Eduardo Bernhart Messmacher Henríquez
executiveAbsolutely. I mean we have seen over -- our history of more than 30 years, we have seen a lot of NBFIs come and go. And we have learned our lessons that we need to be prudent both in the balance sheet management and in the risk and origination/protection and management of the company. So what you can expect from us is to be always on the conservative side of the management of the business.
Unknown Analyst
analystOkay. May I add 1 thing. I always used to ask even in the past about the AFI. Now the one thing that always struck me is the AFI home market must be probably more than 1 million potential clients you could have there and AFI could basically be as big as FINDEP is today and a multiple of that, if you kind of have a more aggressive go at it. It seems with about -- around about 30,000 clients. You really are super tiny. Is the 30,000 clients cap or the 40% cap in your balance sheet, is this just driven by your portfolio thinking of the way you look at these 3 businesses you just walked us through? Or is it that you really see in the U.S. out of all the opportunities you have, maybe it's 1 million, maybe it's 2 million, maybe it's 500,000 of potential clients that there's a lot moving against you in the solvency and the viability of those clients?

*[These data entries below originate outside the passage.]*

(* Let $(X,\rho)$ be a metric space, $(A_k)\subset CL(X)$, $A\in CL(X)$ and let $f\colon[0,\infty)\to[0,\infty)$ be a modulus. If $(A_k)$ is Wijsman strongly Cesàro summable to $A$, then $(A_k)$ is Wijsman strongly Cesàro summable to $A$ with respect to $f$.
   Context: A modulus is a function $f\colon[0,\infty)\to[0,\infty)$ such that $f(x)=0$ iff $x=0$, $f$ is subadditive, increasing and continuous. $CL(X)$ denotes the set of all non-empty closed subsets of $(X,\rho)$, and $d(x,B)=\inf_{y\in B}\rho(x,y)$. $(A_k)$ is Wijsman strongly Cesàro summable to $A$ if $\lim_{n\to\infty}\frac1n\sum_{k=1}^n|d(x,A_k)-d(x,A)|=0$ for every $x\in X$; it is Wijsman strongly Cesàro summable to $A$ with respect to $f$ if $\lim_{n\to\infty}\frac1n\sum_{k=1}^n f(|d(x,A_k)-d(x,A)|)=0$ for every $x\in X$. *)

theory Defs
  imports "HOL-Analysis.Analysis"
begin

definition modulus :: "(real \<Rightarrow> real) \<Rightarrow> bool" where
  "modulus f \<longleftrightarrow>
     (\<forall>x\<ge>0. f x \<ge> 0) \<and>
     (\<forall>x\<ge>0. f x = 0 \<longleftrightarrow> x = 0) \<and>
     (\<forall>x\<ge>0. \<forall>y\<ge>0. f (x + y) \<le> f x + f y) \<and>
     (\<forall>x\<ge>0. \<forall>y\<ge>0. x \<le> y \<longrightarrow> f x \<le> f y) \<and>
     continuous_on {0..} f"

definition CL :: "'a::metric_space set set" where
  "CL = {B. B \<noteq> {} \<and> closed B}"

definition wijsman_strongly_cesaro :: "(nat \<Rightarrow> 'a::metric_space set) \<Rightarrow> 'a set \<Rightarrow> bool" where
  "wijsman_strongly_cesaro As A \<longleftrightarrow>
     (\<forall>x. (\<lambda>n. (1 / real n) * (\<Sum>k=1..n. \<bar>infdist x (As k) - infdist x A\<bar>)) \<longlonglongrightarrow> 0)"

definition wijsman_strongly_cesaro_mod ::
    "(real \<Rightarrow> real) \<Rightarrow> (nat \<Rightarrow> 'a::metric_space set) \<Rightarrow> 'a set \<Rightarrow> bool" where
  "wijsman_strongly_cesaro_mod f As A \<longleftrightarrow>
     (\<forall>x. (\<lambda>n. (1 / real n) * (\<Sum>k=1..n. f \<bar>infdist x (As k) - infdist x A\<bar>)) \<longlonglongrightarrow> 0)"

end

theory Submission
  imports Defs
begin

text \<open>A modulus grows at most linearly: subadditivity gives \<open>f n \<le> n f 1\<close>, and continuity at 0
  absorbs small arguments, so for every \<open>\<epsilon> > 0\<close> there is \<open>C\<close> with \<open>f t \<le> \<epsilon> + C t\<close>.
  Averaging this over \<open>k \<le> n\<close> bounds the Cesaro mean of \<open>f \<circ> g\<close> by
  \<open>\<epsilon> + C \<cdot> mean(g)\<close>, which is eventually below \<open>2\<epsilon>\<close>.\<close>

definition cesaro_mean :: "(nat \<Rightarrow> real) \<Rightarrow> nat \<Rightarrow> real" where
  "cesaro_mean a n = (1 / real n) * (\<Sum>k=1..n. a k)"

lemma modulus_of_nat_le:
  assumes "modulus f"
  shows "f (real n) \<le> real n * f 1"
proof (induction n)
  case 0
  then show ?case using assms unfolding modulus_def by auto
next
  case (Suc n)
  have "f (real n + 1) \<le> f (real n) + f 1"
    using assms unfolding modulus_def by auto
  then show ?case using Suc by (simp add: algebra_simps)
qed

lemma modulus_le_add_linear:
  assumes "modulus f" and "e > 0"
  obtains C where "C \<ge> 0" and "\<And>t. t \<ge> 0 \<Longrightarrow> f t \<le> e + C * t"
proof -
  have cont: "continuous_on {0..} f" and f0: "f 0 = 0" and f1: "f 1 \<ge> 0"
    and mono: "\<And>x y. 0 \<le> x \<Longrightarrow> x \<le> y \<Longrightarrow> f x \<le> f y"
    using assms(1) unfolding modulus_def by auto
  obtain d where d: "d > 0" "\<And>t. t \<in> {0..} \<Longrightarrow> dist t 0 < d \<Longrightarrow> dist (f t) (f 0) < e"
    using cont assms(2) unfolding continuous_on_iff by (meson atLeast_iff order_refl)
  define C where "C = f 1 * (1 + 1 / d)"
  have C0: "C \<ge> 0" unfolding C_def using f1 d by simp
  have "f t \<le> e + C * t" if t: "t \<ge> 0" for t
  proof (cases "t < d")
    case True
    then have "\<bar>f t\<bar> < e" using d t f0 by (simp add: dist_real_def)
    then show ?thesis using C0 t by (smt (verit) mult_nonneg_nonneg)
  next
    case False
    have t_le_ceil: "t \<le> real (nat \<lceil>t\<rceil>)" and ceil_le: "real (nat \<lceil>t\<rceil>) \<le> t + 1"
      using t by (simp_all add: le_nat_iff ceiling_le_iff)
    have "f t \<le> f (real (nat \<lceil>t\<rceil>))" using mono t t_le_ceil by auto
    also have "\<dots> \<le> real (nat \<lceil>t\<rceil>) * f 1" by (rule modulus_of_nat_le[OF assms(1)])
    also have "\<dots> \<le> (t + t / d) * f 1"
    proof -
      have "1 \<le> t / d" using False d by simp
      then show ?thesis using ceil_le f1 by (intro mult_right_mono) auto
    qed
    also have "\<dots> = C * t" unfolding C_def using d by (simp add: field_simps)
    finally show ?thesis using assms(2) by simp
  qed
  with C0 show thesis by (rule that)
qed

lemma cesaro_mean_modulus_tendsto_zero:
  assumes "modulus f" and g_nonneg: "\<And>k. g k \<ge> 0" and lim: "cesaro_mean g \<longlonglongrightarrow> 0"
  shows "cesaro_mean (\<lambda>k. f (g k)) \<longlonglongrightarrow> 0"
proof (rule order_tendstoI)
  have f_nonneg: "\<And>t. t \<ge> 0 \<Longrightarrow> f t \<ge> 0" using assms(1) unfolding modulus_def by auto
  have "cesaro_mean (\<lambda>k. f (g k)) n \<ge> 0" for n
    unfolding cesaro_mean_def using f_nonneg g_nonneg by (simp add: sum_nonneg)
  then show "eventually (\<lambda>n. a < cesaro_mean (\<lambda>k. f (g k)) n) sequentially" if "a < 0" for a
    using that by (intro always_eventually allI) (meson less_le_trans)
  show "eventually (\<lambda>n. cesaro_mean (\<lambda>k. f (g k)) n < r) sequentially" if r: "0 < r" for r
  proof -
    obtain C where C: "C \<ge> 0" "\<And>t. t \<ge> 0 \<Longrightarrow> f t \<le> r / 2 + C * t"
      using modulus_le_add_linear[OF assms(1), of "r / 2"] r by auto
    have bound: "cesaro_mean (\<lambda>k. f (g k)) n \<le> r / 2 + C * cesaro_mean g n" for n
    proof (cases "n = 0")
      case False
      have "(\<Sum>k=1..n. f (g k)) \<le> (\<Sum>k=1..n. r / 2 + C * g k)"
        using C(2) g_nonneg by (intro sum_mono) auto
      also have "\<dots> = real n * (r / 2) + C * (\<Sum>k=1..n. g k)"
        by (simp add: sum.distrib sum_distrib_left)
      also have "\<dots> = real n * (r / 2 + C * cesaro_mean g n)"
        using False by (simp add: cesaro_mean_def field_simps)
      finally have "(\<Sum>k=1..n. f (g k)) / real n \<le> r / 2 + C * cesaro_mean g n"
        using False by (simp add: pos_divide_le_eq mult.commute)
      then show ?thesis by (simp add: cesaro_mean_def)
    qed (use r in \<open>simp add: cesaro_mean_def\<close>)
    have "(\<lambda>n. r / 2 + C * cesaro_mean g n) \<longlonglongrightarrow> r / 2 + C * 0"
      by (intro tendsto_intros lim)
    then have "eventually (\<lambda>n. r / 2 + C * cesaro_mean g n < r) sequentially"
      using r by (auto intro: order_tendstoD(2))
    then show ?thesis
      by eventually_elim (rule le_less_trans[OF bound])
  qed
qed

theorem theorem4p3:
  fixes As :: "nat \<Rightarrow> 'a::metric_space set" and A :: "'a set" and f :: "real \<Rightarrow> real"
  assumes "\<forall>k. As k \<in> CL" and "A \<in> CL" and "modulus f"
    and "wijsman_strongly_cesaro As A"
  shows "wijsman_strongly_cesaro_mod f As A"
  unfolding wijsman_strongly_cesaro_mod_def
proof
  fix x
  let ?g = "\<lambda>k. \<bar>infdist x (As k) - infdist x A\<bar>"
  have "cesaro_mean ?g \<longlonglongrightarrow> 0"
    using assms(4) unfolding wijsman_strongly_cesaro_def cesaro_mean_def[abs_def] by (rule spec)
  then have "cesaro_mean (\<lambda>k. f (?g k)) \<longlonglongrightarrow> 0"
    by (rule cesaro_mean_modulus_tendsto_zero[OF assms(3) abs_ge_zero])
  then show "(\<lambda>n. (1 / real n) * (\<Sum>k=1..n. f (?g k))) \<longlonglongrightarrow> 0"
    unfolding cesaro_mean_def[abs_def] .
qed

end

Eduardo Bernhart Messmacher Henríquez
executiveThe main issue right now in the U.S. for growth is the fact that we're still funding the operation mainly through capital and intercompany loan. For growth to happen, AFI has to be independent in their funding. And we are working on that objective. We have not been able still to make it independent in terms of funding. But that's what would trigger the ability to continue growing the operation well beyond what the size that it is today. It is not really the market potential. It is more risk appetite/availability of funding that limits our growth in the U.S. Of course, the recent years with very high inflation for -- historical inflation today in the U.S. have also increased our perception of the level of credit risk, but that's still not [indiscernible] the limitation. The limitation is mostly the independence of funding of the operation.
Unknown Analyst
analystWell, thank you, Eduardo. Thank you very much. Also thanks to the whole team. Great presentation, great numbers. Wishing you all the best for Q1 2025 maybe we meet at one of those conferences and best of luck also approaching the refinancing which I've read somewhere in the documents that you might be potentially considering that or whatever. So good luck with that and speak soon. Thank you very much.

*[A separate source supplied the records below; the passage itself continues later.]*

(* $\mathrm{Aut}(Q_D,\mathbb Z)\subseteq J_0\,O(3,1;\mathbb Z)\,J_0^{-1}$, where $J_0=\frac12\begin{pmatrix}1&1&1&1\\1&1&-1&-1\\1&-1&1&-1\\1&-1&-1&1\end{pmatrix}$; that is, for every $U\in\mathrm{Aut}(Q_D,\mathbb Z)$ the matrix $J_0^{-1}UJ_0$ has integer entries (and then lies in $O(3,1;\mathbb Z)$).
   Context: Let $Q_D=I-\frac12\mathbf 1\mathbf 1^T$ (where $\mathbf 1=(1,1,1,1)^T$) and $\mathrm{Aut}(Q_D,\mathbb Z)=\{U\in M_4(\mathbb Z): U^TQ_DU=Q_D\}$. Let $Q_L=\mathrm{diag}(-1,1,1,1)$ and $O(3,1;\mathbb Z)=\{U\in M_4(\mathbb Z):U^TQ_LU=Q_L\}$. Note $J_0=J_0^T=J_0^{-1}$. *)

theory Defs
  imports "HOL-Analysis.Analysis"
begin

definition int_matrix :: "real^4^4 \<Rightarrow> bool" where
  "int_matrix U \<longleftrightarrow> (\<forall>i j. U $ i $ j \<in> \<int>)"

definition Q_D :: "real^4^4" where
  "Q_D = (\<chi> i j. (if i = j then 1 else 0) - 1/2)"

definition Q_L :: "real^4^4" where
  "Q_L = (\<chi> i j. if i = j then (if i = 1 then -1 else 1) else 0)"

definition Aut_QD_Z :: "(real^4^4) set" where
  "Aut_QD_Z = {U. int_matrix U \<and> transpose U ** Q_D ** U = Q_D}"

definition O31_Z :: "(real^4^4) set" where
  "O31_Z = {U. int_matrix U \<and> transpose U ** Q_L ** U = Q_L}"

definition J0 :: "real^4^4" where
  "J0 = (\<chi> i j. (1/2) *
     (if i = 1 \<or> j = 1 then 1
      else if i = j then 1 else -1))"

end

theory Submission
  imports Defs
begin

text \<open>
  Write \<open>J0 = H / 2\<close> with \<open>H\<close> the \<open>\<plusminus>1\<close> Hadamard matrix; the claim is that
  every entry of \<open>H U H\<close> is divisible by 4. For integral \<open>U\<close>, the identity
  \<open>U\<^sup>T Q_D U = Q_D\<close> reads \<open>2 U\<^sup>T U - s s\<^sup>T = 2 I - 1 1\<^sup>T\<close>, \<open>s\<close> the vector of column
  sums. Its diagonal makes every column sum odd, and since \<open>U\<^sup>T\<close> is again an
  automorphism, every row sum \<open>r\<^sub>i\<close> is odd as well. Summing the identity over all
  entries gives \<open>2 \<Sigma> r\<^sub>i\<^sup>2 - S\<^sup>2 = -8\<close> for the total sum \<open>S\<close>; as odd squares
  are 1 mod 8, this forces \<open>4 dvd S\<close>. Finally, every row of \<open>H\<close> has an even number
  of entries \<open>-1\<close>, and flipping the signs of an even number of odd summands changes a
  sum by a multiple of 4; applied to rows and then to columns, this gives
  \<open>(H U H)\<^sub>x\<^sub>y = S\<close> mod 4.
  Membership in \<open>O(3,1;\<int>)\<close> then follows from \<open>J0 Q_D J0 = Q_L\<close>.
\<close>

lemma matrix_inv_involution:
  fixes A :: "'a::semiring_1^'n^'n"
  assumes "A ** A = mat 1"
  shows "matrix_inv A = A"
proof -
  have inverse: "A ** matrix_inv A = mat 1 \<and> matrix_inv A ** A = mat 1"
    unfolding matrix_inv_def by (rule someI[of _ A]) (simp add: assms)
  have "matrix_inv A = matrix_inv A ** (A ** A)"
    by (simp add: assms)
  also have "\<dots> = (matrix_inv A ** A) ** A"
    by (simp add: matrix_mul_assoc)
  also have "\<dots> = A"
    using inverse by simp
  finally show ?thesis .
qed

lemma isometry_transpose:
  fixes U Q :: "'a::field^'n^'n"
  assumes Q: "Q ** Q = mat 1" and U: "transpose U ** Q ** U = Q"
  shows "U ** Q ** transpose U = Q"
proof -
  have "(Q ** transpose U ** Q) ** U = Q ** (transpose U ** Q ** U)"
    by (simp add: matrix_mul_assoc)
  then have "(Q ** transpose U ** Q) ** U = mat 1"
    by (simp add: Q U)
  then have right_inverse: "U ** (Q ** transpose U ** Q) = mat 1"
    using matrix_left_right_inverse by blast
  have "U ** Q ** transpose U = U ** Q ** transpose U ** (Q ** Q)"
    by (simp add: Q)
  also have "\<dots> = (U ** (Q ** transpose U ** Q)) ** Q"
    by (simp add: matrix_mul_assoc)
  also have "\<dots> = Q"
    by (simp add: right_inverse)
  finally show ?thesis .
qed

lemma Q_D_involution: "Q_D ** Q_D = mat 1"
  by (simp add: vec_eq_iff matrix_matrix_mult_def mat_def Q_D_def sum_4 forall_4)

lemma J0_involution: "J0 ** J0 = mat 1"
  by (simp add: vec_eq_iff matrix_matrix_mult_def mat_def J0_def sum_4 forall_4)

lemma transpose_J0: "transpose J0 = J0"
  by (simp add: vec_eq_iff transpose_def J0_def forall_4)

lemma J0_Q_D_J0: "J0 ** Q_D ** J0 = Q_L"
  by (simp add: vec_eq_iff matrix_matrix_mult_def Q_L_def J0_def Q_D_def sum_4 forall_4)

lemma J0_Q_L_J0: "J0 ** Q_L ** J0 = Q_D"
proof -
  have "J0 ** Q_L ** J0 = (J0 ** J0) ** Q_D ** (J0 ** J0)"
    by (simp add: J0_Q_D_J0[symmetric] matrix_mul_assoc)
  then show ?thesis
    by (simp add: J0_involution)
qed

lemma J0_conj_isometry:
  assumes "transpose U ** Q_D ** U = Q_D"
  shows "transpose (J0 ** U ** J0) ** Q_L ** (J0 ** U ** J0) = Q_L"
proof -
  have "transpose (J0 ** U ** J0) ** Q_L ** (J0 ** U ** J0)
      = J0 ** (transpose U ** (J0 ** Q_L ** J0) ** U) ** J0"
    by (simp add: matrix_transpose_mul transpose_J0 matrix_mul_assoc)
  then show ?thesis
    by (simp add: J0_Q_L_J0 assms J0_Q_D_J0)
qed

lemma Aut_QD_Z_transpose:
  assumes "U \<in> Aut_QD_Z"
  shows "transpose U \<in> Aut_QD_Z"
proof -
  have "int_matrix (transpose U)"
    using assms by (simp add: Aut_QD_Z_def int_matrix_def transpose_def)
  moreover have "U ** Q_D ** transpose U = Q_D"
    using assms Q_D_involution isometry_transpose by (auto simp: Aut_QD_Z_def)
  ultimately show ?thesis
    by (simp add: Aut_QD_Z_def)
qed

lemma odd_if_double_minus_square_eq_one:
  fixes c :: int
  assumes "2 * m - c * c = 1"
  shows "odd c"
proof -
  have "c * c = 2 * m - 1"
    using assms by linarith
  then have "odd (c * c)"
    by simp
  then show ?thesis
    by simp
qed

lemma odd_square_mod_8:
  fixes r :: int
  assumes "odd r"
  shows "r\<^sup>2 mod 8 = 1"
proof -
  obtain k where r: "r = 2 * k + 1"
    using assms oddE by blast
  obtain m where "k * (k + 1) = 2 * m"
    by (metis evenE even_mult_iff even_plus_one_iff)
  then have "r\<^sup>2 = 8 * m + 1"
    unfolding r by (simp add: power2_eq_square algebra_simps)
  then show ?thesis
    by simp
qed

lemma four_dvd_sum_of_four_odd:
  fixes r :: "4 \<Rightarrow> int"
  assumes odd: "\<And>i. odd (r i)" and sq: "2 * (\<Sum>i\<in>UNIV. (r i)\<^sup>2) - (\<Sum>i\<in>UNIV. r i)\<^sup>2 = -8"
  shows "4 dvd (\<Sum>i\<in>UNIV. r i)"
proof -
  define Q where "Q = (\<Sum>i\<in>UNIV. (r i)\<^sup>2)"
  have "Q mod 8 = (\<Sum>i\<in>UNIV. (r i)\<^sup>2 mod 8) mod 8"
    unfolding Q_def by (rule mod_sum_eq[symmetric])
  also have "\<dots> = 4"
    by (simp add: odd_square_mod_8 odd)
  finally obtain q where "Q = 8 * q + 4"
    by (metis mod_div_decomp add.commute mult.commute)
  with sq have S: "(\<Sum>i\<in>UNIV. r i)\<^sup>2 = 16 * q + 16"
    unfolding Q_def by linarith
  then have "even ((\<Sum>i\<in>UNIV. r i)\<^sup>2)"
    by simp
  then have "even (\<Sum>i\<in>UNIV. r i)"
    by simp
  then obtain t where t: "(\<Sum>i\<in>UNIV. r i) = 2 * t" ..
  with S have "t\<^sup>2 = 4 * q + 4"
    by (simp add: power_mult_distrib)
  then have "even (t\<^sup>2)"
    by simp
  then have "even t"
    by simp
  with t show ?thesis
    by auto
qed

lemma sum_signs_mod_4:
  fixes h u :: "'n::finite \<Rightarrow> int"
  assumes sign: "\<And>i. h i = 1 \<or> h i = -1" and even_negative: "even (card {i. h i = -1})"
    and odd: "\<And>i. odd (u i)"
  shows "(\<Sum>i\<in>UNIV. h i * u i) mod 4 = (\<Sum>i\<in>UNIV. u i) mod 4"
proof -
  define N where "N = {i. h i = -1}"
  have "h i * u i = u i - 2 * (if i \<in> N then u i else 0)" for i
    using sign[of i] by (auto simp: N_def)
  then have "(\<Sum>i\<in>UNIV. h i * u i) = (\<Sum>i\<in>UNIV. u i) - 2 * (\<Sum>i\<in>UNIV. if i \<in> N then u i else 0)"
    by (simp add: sum_subtractf sum_distrib_left)
  also have "(\<Sum>i\<in>UNIV. if i \<in> N then u i else 0) = (\<Sum>i\<in>N. u i)"
    by (simp add: sum.inter_restrict[symmetric])
  finally have "(\<Sum>i\<in>UNIV. h i * u i) = (\<Sum>i\<in>UNIV. u i) - 2 * (\<Sum>i\<in>N. u i)" .
  moreover have "even (\<Sum>i\<in>N. u i)"
    using even_negative by (simp add: even_sum_iff odd N_def)
  then obtain k where "(\<Sum>i\<in>N. u i) = 2 * k" ..
  ultimately have "(\<Sum>i\<in>UNIV. h i * u i) = (\<Sum>i\<in>UNIV. u i) + (- k) * 4"
    by simp
  then show ?thesis
    by (metis mod_mult_self1)
qed

lemma transpose_Q_D_mult_entry:
  fixes U :: "real^'n^4"
  shows "(transpose U ** Q_D ** U) $ j $ k
     = (\<Sum>i\<in>UNIV. U $ i $ j * U $ i $ k) - (\<Sum>i\<in>UNIV. U $ i $ j) * (\<Sum>i\<in>UNIV. U $ i $ k) / 2"
  by (simp add: matrix_matrix_mult_def transpose_def Q_D_def sum_4 field_simps)

lemma isometry_Q_D_int_gram:
  fixes a :: "4 \<Rightarrow> 4 \<Rightarrow> int"
  assumes isometry: "transpose U ** Q_D ** U = Q_D" and a: "\<And>i j. U $ i $ j = of_int (a i j)"
  shows "2 * (\<Sum>i\<in>UNIV. a i j * a i k) - (\<Sum>i\<in>UNIV. a i j) * (\<Sum>i\<in>UNIV. a i k)
     = (if j = k then 1 else -1)"
proof -
  have "of_int (2 * (\<Sum>i\<in>UNIV. a i j * a i k) - (\<Sum>i\<in>UNIV. a i j) * (\<Sum>i\<in>UNIV. a i k))
      = 2 * (transpose U ** Q_D ** U) $ j $ k"
    by (simp add: transpose_Q_D_mult_entry a)
  also have "\<dots> = of_int (if j = k then 1 else -1)"
    unfolding isometry by (simp add: Q_D_def)
  finally show ?thesis
    by (simp only: of_int_eq_iff)
qed

lemma int_gram_total:
  fixes a :: "4 \<Rightarrow> 4 \<Rightarrow> int"
  assumes gram: "\<And>j k. 2 * (\<Sum>i\<in>UNIV. a i j * a i k) - (\<Sum>i\<in>UNIV. a i j) * (\<Sum>i\<in>UNIV. a i k)
     = (if j = k then 1 else -1)"
  shows "2 * (\<Sum>i\<in>UNIV. (\<Sum>j\<in>UNIV. a i j)\<^sup>2) - (\<Sum>i\<in>UNIV. \<Sum>j\<in>UNIV. a i j)\<^sup>2 = -8"
proof -
  have gram': "2 * (\<Sum>i\<in>UNIV. a i j * a i k)
      = (\<Sum>i\<in>UNIV. a i j) * (\<Sum>i\<in>UNIV. a i k) + (if j = k then 1 else -1)" for j k
    using gram[of j k] by linarith
  have "2 * (\<Sum>i\<in>UNIV. (\<Sum>j\<in>UNIV. a i j)\<^sup>2)
      = (\<Sum>j\<in>UNIV. \<Sum>k\<in>UNIV. 2 * (\<Sum>i\<in>UNIV. a i j * a i k))"
    by (simp add: sum_4 power2_eq_square algebra_simps)
  also have "\<dots> = (\<Sum>j\<in>UNIV. \<Sum>k\<in>UNIV.
      (\<Sum>i\<in>UNIV. a i j) * (\<Sum>i\<in>UNIV. a i k) + (if j = k then 1 else -1))"
    by (simp only: gram')
  also have "\<dots> = (\<Sum>i\<in>UNIV. \<Sum>j\<in>UNIV. a i j)\<^sup>2 - 8"
    by (simp add: sum_4 power2_eq_square algebra_simps)
  finally show ?thesis
    by linarith
qed

definition hadamard4 :: "4 \<Rightarrow> 4 \<Rightarrow> int" where
  "hadamard4 i j = (if i = 1 \<or> j = 1 \<or> i = j then 1 else -1)"

lemma J0_hadamard4: "J0 $ i $ j = of_int (hadamard4 i j) / 2"
  by (simp add: J0_def hadamard4_def)

lemma hadamard4_sym: "hadamard4 i j = hadamard4 j i"
  by (auto simp: hadamard4_def)

lemma hadamard4_sign: "hadamard4 i j = 1 \<or> hadamard4 i j = -1"
  by (simp add: hadamard4_def)

lemma even_card_hadamard4_negative: "even (card {j. hadamard4 i j = -1})"
proof -
  have "{j. hadamard4 i j = -1} = (if i = 1 then {} else UNIV - {1, i})"
    by (auto simp: hadamard4_def)
  then show ?thesis
    by (simp add: card_Diff_subset)
qed

lemma J0_conj_entry:
  "(J0 ** U ** J0) $ x $ y
     = (\<Sum>i\<in>UNIV. of_int (hadamard4 x i) * (\<Sum>j\<in>UNIV. U $ i $ j * of_int (hadamard4 j y))) / 4"
  by (simp add: matrix_matrix_mult_def J0_hadamard4 sum_4 algebra_simps)

lemma four_dvd_hadamard4_conj:
  fixes a :: "4 \<Rightarrow> 4 \<Rightarrow> int"
  assumes row_odd: "\<And>i. odd (\<Sum>j\<in>UNIV. a i j)" and col_odd: "\<And>j. odd (\<Sum>i\<in>UNIV. a i j)"
    and total: "4 dvd (\<Sum>i\<in>UNIV. \<Sum>j\<in>UNIV. a i j)"
  shows "4 dvd (\<Sum>i\<in>UNIV. hadamard4 x i * (\<Sum>j\<in>UNIV. a i j * hadamard4 j y))"
proof -
  define u where "u i = (\<Sum>j\<in>UNIV. hadamard4 y j * a i j)" for i
  have "even (u i - (\<Sum>j\<in>UNIV. a i j))" for i
    unfolding u_def sum_subtractf[symmetric]
    by (rule dvd_sum) (auto simp: hadamard4_def)
  then have u_odd: "odd (u i)" for i
    using row_odd[of i] by auto
  have "(\<Sum>i\<in>UNIV. hadamard4 x i * u i) mod 4 = (\<Sum>i\<in>UNIV. u i) mod 4"
    by (rule sum_signs_mod_4[OF hadamard4_sign even_card_hadamard4_negative u_odd])
  also have "(\<Sum>i\<in>UNIV. u i) = (\<Sum>j\<in>UNIV. hadamard4 y j * (\<Sum>i\<in>UNIV. a i j))"
    unfolding u_def sum_distrib_left by (rule sum.swap)
  also have "\<dots> mod 4 = (\<Sum>j\<in>UNIV. \<Sum>i\<in>UNIV. a i j) mod 4"
    by (rule sum_signs_mod_4[OF hadamard4_sign even_card_hadamard4_negative col_odd])
  also have "(\<Sum>j\<in>UNIV. \<Sum>i\<in>UNIV. a i j) = (\<Sum>i\<in>UNIV. \<Sum>j\<in>UNIV. a i j)"
    by (rule sum.swap)
  also have "\<dots> mod 4 = 0"
    using total by simp
  finally have "4 dvd (\<Sum>i\<in>UNIV. hadamard4 x i * u i)"
    by (simp add: mod_eq_0_iff_dvd)
  moreover have "u i = (\<Sum>j\<in>UNIV. a i j * hadamard4 j y)" for i
    unfolding u_def by (rule sum.cong[OF refl]) (metis hadamard4_sym mult.commute)
  ultimately show ?thesis
    by simp
qed

lemma int_matrix_J0_conj:
  assumes "U \<in> Aut_QD_Z"
  shows "int_matrix (J0 ** U ** J0)"
proof -
  define a where "a i j = \<lfloor>U $ i $ j\<rfloor>" for i j
  have a: "U $ i $ j = of_int (a i j)" for i j
    using assms unfolding Aut_QD_Z_def int_matrix_def a_def by (auto elim!: Ints_cases)
  have "transpose U ** Q_D ** U = Q_D"
    using assms by (simp add: Aut_QD_Z_def)
  note col_gram = isometry_Q_D_int_gram[OF this a]
  have transpose_isometry: "transpose (transpose U) ** Q_D ** transpose U = Q_D"
    using Aut_QD_Z_transpose[OF assms] by (simp add: Aut_QD_Z_def)
  have transpose_a: "transpose U $ i $ j = of_int (a j i)" for i j
    by (simp add: transpose_def a)
  note row_gram = isometry_Q_D_int_gram[OF transpose_isometry transpose_a]
  have col_odd: "odd (\<Sum>i\<in>UNIV. a i j)" for j
    using col_gram[of j j] by (intro odd_if_double_minus_square_eq_one) simp
  have row_odd: "odd (\<Sum>j\<in>UNIV. a i j)" for i
    using row_gram[of i i] by (intro odd_if_double_minus_square_eq_one) simp
  have "4 dvd (\<Sum>i\<in>UNIV. \<Sum>j\<in>UNIV. a i j)"
    using four_dvd_sum_of_four_odd[OF row_odd int_gram_total[OF col_gram]] .
  then have entry_dvd: "4 dvd (\<Sum>i\<in>UNIV. hadamard4 x i * (\<Sum>j\<in>UNIV. a i j * hadamard4 j y))"
    for x y
    by (rule four_dvd_hadamard4_conj[OF row_odd col_odd])
  show ?thesis
    unfolding int_matrix_def
  proof (intro allI)
    fix x y
    obtain w where w: "(\<Sum>i\<in>UNIV. hadamard4 x i * (\<Sum>j\<in>UNIV. a i j * hadamard4 j y)) = 4 * w"
      using entry_dvd by blast
    have "(J0 ** U ** J0) $ x $ y
        = of_int (\<Sum>i\<in>UNIV. hadamard4 x i * (\<Sum>j\<in>UNIV. a i j * hadamard4 j y)) / 4"
      by (simp add: J0_conj_entry a)
    then show "(J0 ** U ** J0) $ x $ y \<in> \<int>"
      unfolding w by simp
  qed
qed

theorem lemma7p2:
  assumes "U \<in> Aut_QD_Z"
  shows "int_matrix (matrix_inv J0 ** U ** J0) \<and> matrix_inv J0 ** U ** J0 \<in> O31_Z"
proof -
  have "transpose U ** Q_D ** U = Q_D"
    using assms by (simp add: Aut_QD_Z_def)
  then have "transpose (J0 ** U ** J0) ** Q_L ** (J0 ** U ** J0) = Q_L"
    by (rule J0_conj_isometry)
  with int_matrix_J0_conj[OF assms] show ?thesis
    by (simp add: matrix_inv_involution[OF J0_involution] O31_Z_def)
qed

end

Eduardo Bernhart Messmacher Henríquez
executiveThank you very much.
Operator
operatorWe have not received any further questions at this point. So that concludes your question-and-answer session. Thank you. I would now like to hand the call back over to Mr. Cid for some closing remarks.
Jose Maria Cid Michavila
executiveThank you very much for your time and interest on Financiera Independencia. My contact information is available on our website at findep.mx if you have any further questions. Have a great day. Thank you, everyone.